lemma mem_couplings_iff:
  assumes "sets P = sets borel" "sets Q = sets borel"
  shows "R \<in> couplings P Q \<longleftrightarrow> prob_space R \<and> sets R = sets (borel \<Otimes>\<^sub>M borel)
           \<and> distr R borel fst = P \<and> distr R borel snd = Q"
proof -
  have "sets (P \<Otimes>\<^sub>M Q) = sets (borel \<Otimes>\<^sub>M borel)" by (rule sets_pair_measure_cong[OF assms])
  moreover have "distr R P fst = distr R borel fst" "distr R Q snd = distr R borel snd"
    by (rule distr_cong; simp add: assms)+
  ultimately show ?thesis unfolding couplings_def by auto
qed

lemma pair_measure_mem_couplings:
  assumes "prob_space P" "prob_space Q"
  shows "P \<Otimes>\<^sub>M Q \<in> couplings P Q"
  using prob_space_pair[OF assms] prob_space.distr_pair_fst[OF assms(2), of P] distr_pair_snd[OF assms]
  by (simp add: couplings_def)

lemma couplings_near_wasserstein1:
  assumes "prob_space P" "prob_space Q" "e > 0"
  obtains R where "R \<in> couplings P Q" "transport_cost R \<le> wasserstein1 P Q + ennreal e"
proof (cases "wasserstein1 P Q = top")
  case True
  then show ?thesis using that pair_measure_mem_couplings[OF assms(1,2)] by simp
next
  case False
  then have "wasserstein1 P Q < wasserstein1 P Q + ennreal e"
    using assms(3) ennreal_add_left_cancel_less[of "wasserstein1 P Q" 0 "ennreal e"]
    by (simp add: top.not_eq_extremum)
  then obtain R where "R \<in> couplings P Q" "transport_cost R < wasserstein1 P Q + ennreal e"
    unfolding wasserstein1_eq_INF_transport_cost[of P Q] by (auto simp: INF_less_iff)
  then show ?thesis using that by (auto intro: less_imp_le)
qed

definition outer_marginal :: "(('w::polish_space \<times> 'w) \<times> ('w \<times> 'w)) measure \<Rightarrow> ('w \<times> 'w) measure" where
  "outer_marginal \<Gamma> = distr \<Gamma> (borel \<Otimes>\<^sub>M borel) (\<lambda>x. (fst (fst x), snd (snd x)))"

context
  fixes P Q T :: "'w::polish_space measure" and R1 R2 :: "('w \<times> 'w) measure"
  assumes P: "sets P = sets borel" and Q: "sets Q = sets borel" and T: "sets T = sets borel"
    and R1: "R1 \<in> couplings P Q" and R2: "R2 \<in> couplings Q T"
begin
lemma inj_twisted_power_sum_iff:
  fixes \<alpha> :: "'a::{field,finite}" and q N :: nat
  assumes additive: "\<And>x y::'a. (x + y) ^ q = x ^ q + y ^ q"
    and card: "card (UNIV :: 'a set) = q ^ 2"
    and "\<alpha> ^ (q + 1) = 1" "\<alpha> \<noteq> -1" "(2::'a) \<noteq> 0" "odd N"
  shows "inj (twisted_power_sum \<alpha> q N) \<longleftrightarrow> coprime N (q - 1)"
proof -
  have "\<alpha> \<noteq> 0"
    using assms(3) by auto
  have "\<alpha> ^ q = inverse \<alpha>"
    using assms(3) \<open>\<alpha> \<noteq> 0\<close> by (simp add: field_simps)
  have "N > 0"
    using \<open>odd N\<close> by (cases N) auto
  have "card {0, 1::'a} \<le> q ^ 2"
    unfolding card[symmetric] by (rule card_mono) auto
  hence "q \<ge> 1"
    by (cases q) auto
  show ?thesis
  proof
    assume inj: "inj (twisted_power_sum \<alpha> q N)"
    show "coprime N (q - 1)"
    proof (rule ccontr)
      assume "\<not> coprime N (q - 1)"
      define d where "d = gcd N (q - 1)"
      have "d \<noteq> 1" "d > 0"
        using \<open>\<not> coprime N (q - 1)\<close> \<open>N > 0\<close> by (simp_all add: d_def coprime_iff_gcd_eq_1)
      hence "d \<ge> 2"
        by linarith
      moreover have "card (UNIV :: 'a set) - 1 = (q - 1) * (q + 1)"
        using card \<open>q \<ge> 1\<close> by (simp add: power2_eq_square algebra_simps)
      hence "d dvd card (UNIV :: 'a set) - 1"
        unfolding d_def by simp
      ultimately obtain w :: 'a where "w ^ d = 1" "w \<noteq> 1"
        using exists_nontrivial_root_of_unity by blast
      have "w ^ (q - 1) = 1" "w ^ N = 1"
        using \<open>w ^ d = 1\<close> unfolding d_def by (metis dvd_def gcd_dvd2 gcd_dvd1 power_mult power_one)+
      hence "w ^ q = w"
        using \<open>q \<ge> 1\<close> by (metis Suc_diff_1 less_le_trans mult.right_neutral power_Suc zero_less_one)
      with inj show False
        using not_inj_twisted_power_sum[OF additive \<open>\<alpha> \<noteq> 0\<close> \<open>\<alpha> ^ q = inverse \<alpha>\<close> assms(4,5)]
          \<open>w ^ N = 1\<close> \<open>w \<noteq> 1\<close> \<open>N > 0\<close> by blast
    qed
  next
    assume "coprime N (q - 1)"
    moreover have "(z ^ q) ^ q = z" for z :: 'a
      using field_power_card[of z] card by (simp flip: power_mult add: power2_eq_square)
    ultimately show "inj (twisted_power_sum \<alpha> q N)"
      using inj_twisted_power_sum[OF additive] \<open>\<alpha> \<noteq> 0\<close> \<open>\<alpha> ^ q = inverse \<alpha>\<close> assms(5,6) by blast
  qed
qed

lemma permutation_polynomial_iff_inj:
  fixes f :: "'a::{field,finite} poly"
  shows "permutation_polynomial f \<longleftrightarrow> inj (poly f)"
  unfolding permutation_polynomial_def bij_def using finite_UNIV_inj_surj[OF finite_UNIV] by blast

theorem mainTheorem11:
  fixes p k q Q R S N :: nat and \<alpha> :: "'a::{field,finite}"
  assumes "prime p" and "odd p" and "k \<ge> 1" and "q = p ^ k"
    and "card (UNIV :: 'a set) = q ^ 2"
    and "has_mult_order \<alpha> (q + 1)"
    and "\<exists>i. Q = p ^ i" and "\<exists>i. R = p ^ i" and "\<exists>i. S = p ^ i"
    and "N = Q + R + S"
  shows "permutation_polynomial
           (monom 1 N
            + monom (\<alpha> ^ (R + S)) (Q + q * (R + S))
            + monom (\<alpha> ^ (Q + S)) (R + q * (Q + S))
            + monom (\<alpha> ^ (Q + R)) (S + q * (Q + R)))
         \<longleftrightarrow> gcd N (q - 1) = 1" (is "permutation_polynomial ?F \<longleftrightarrow> _")
proof -
  obtain i j l where exponents: "Q = p ^ i" "R = p ^ j" "S = p ^ l"
    using assms(7-9) by blast
  have "p \<ge> 3"
    using prime_ge_2_nat[OF assms(1)] assms(2) by (cases "p = 2") auto
  have "CHAR('a) = p"
    using CHAR_eq_if_card_prime_power[OF assms(1)] assms(4,5) by (simp flip: power_mult)
  hence additive: "(x + y) ^ (p ^ m) = x ^ (p ^ m) + y ^ (p ^ m)" for x y :: 'a and m
    using freshmans_dream'[of "p ^ m" m x y] assms(1) by simp
  have "\<not> CHAR('a) dvd 2"
    using \<open>CHAR('a) = p\<close> \<open>p \<ge> 3\<close> by (auto dest: dvd_imp_le)
  hence "(2::'a) \<noteq> 0"
    using of_nat_eq_0_iff_char_dvd[of 2, where ?'a = 'a] by simp
  have "q \<ge> 3"
    using power_increasing[of 1 k p] \<open>p \<ge> 3\<close> assms(3,4) by simp
  with assms(6) have "\<alpha> ^ (q + 1) = 1" "\<alpha> \<noteq> -1"
    unfolding has_mult_order_def by (auto dest: spec[of _ 2])
  have "odd N"
    using assms(2,10) by (simp add: exponents)
  have "poly ?F = (\<lambda>x. twisted_power_sum \<alpha> q N x / 2)"
  proof
    fix x
    have "2 * poly ?F x = twisted_power_sum \<alpha> q N x"
      using twice_quadrinomial_eq_power_sum[of Q R S N x \<alpha> q] assms(10) additive
      by (simp add: exponents poly_monom twisted_power_sum_def)
    with \<open>(2::'a) \<noteq> 0\<close> show "poly ?F x = twisted_power_sum \<alpha> q N x / 2"
      by (simp add: eq_divide_eq mult.commute)
  qed
  hence "inj (poly ?F) \<longleftrightarrow> inj (twisted_power_sum \<alpha> q N)"
    using \<open>(2::'a) \<noteq> 0\<close> by (simp add: inj_def)
  thus ?thesis
    using inj_twisted_power_sum_iff[of q \<alpha> N] additive assms(4,5) \<open>\<alpha> ^ (q + 1) = 1\<close>
      \<open>\<alpha> \<noteq> -1\<close> \<open>(2::'a) \<noteq> 0\<close> \<open>odd N\<close>
    by (simp add: permutation_polynomial_iff_inj coprime_iff_gcd_eq_1)
qed

end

▶ _AIM OF THE EXERCISE_: Every line above in which the word "metis" occurs is to be copied.

▶ _SOLUTION_:
        using \<open>w ^ d = 1\<close> unfolding d_def by (metis dvd_def gcd_dvd2 gcd_dvd1 power_mult power_one)+
        using \<open>q \<ge> 1\<close> by (metis Suc_diff_1 less_le_trans mult.right_neutral power_Suc zero_less_one)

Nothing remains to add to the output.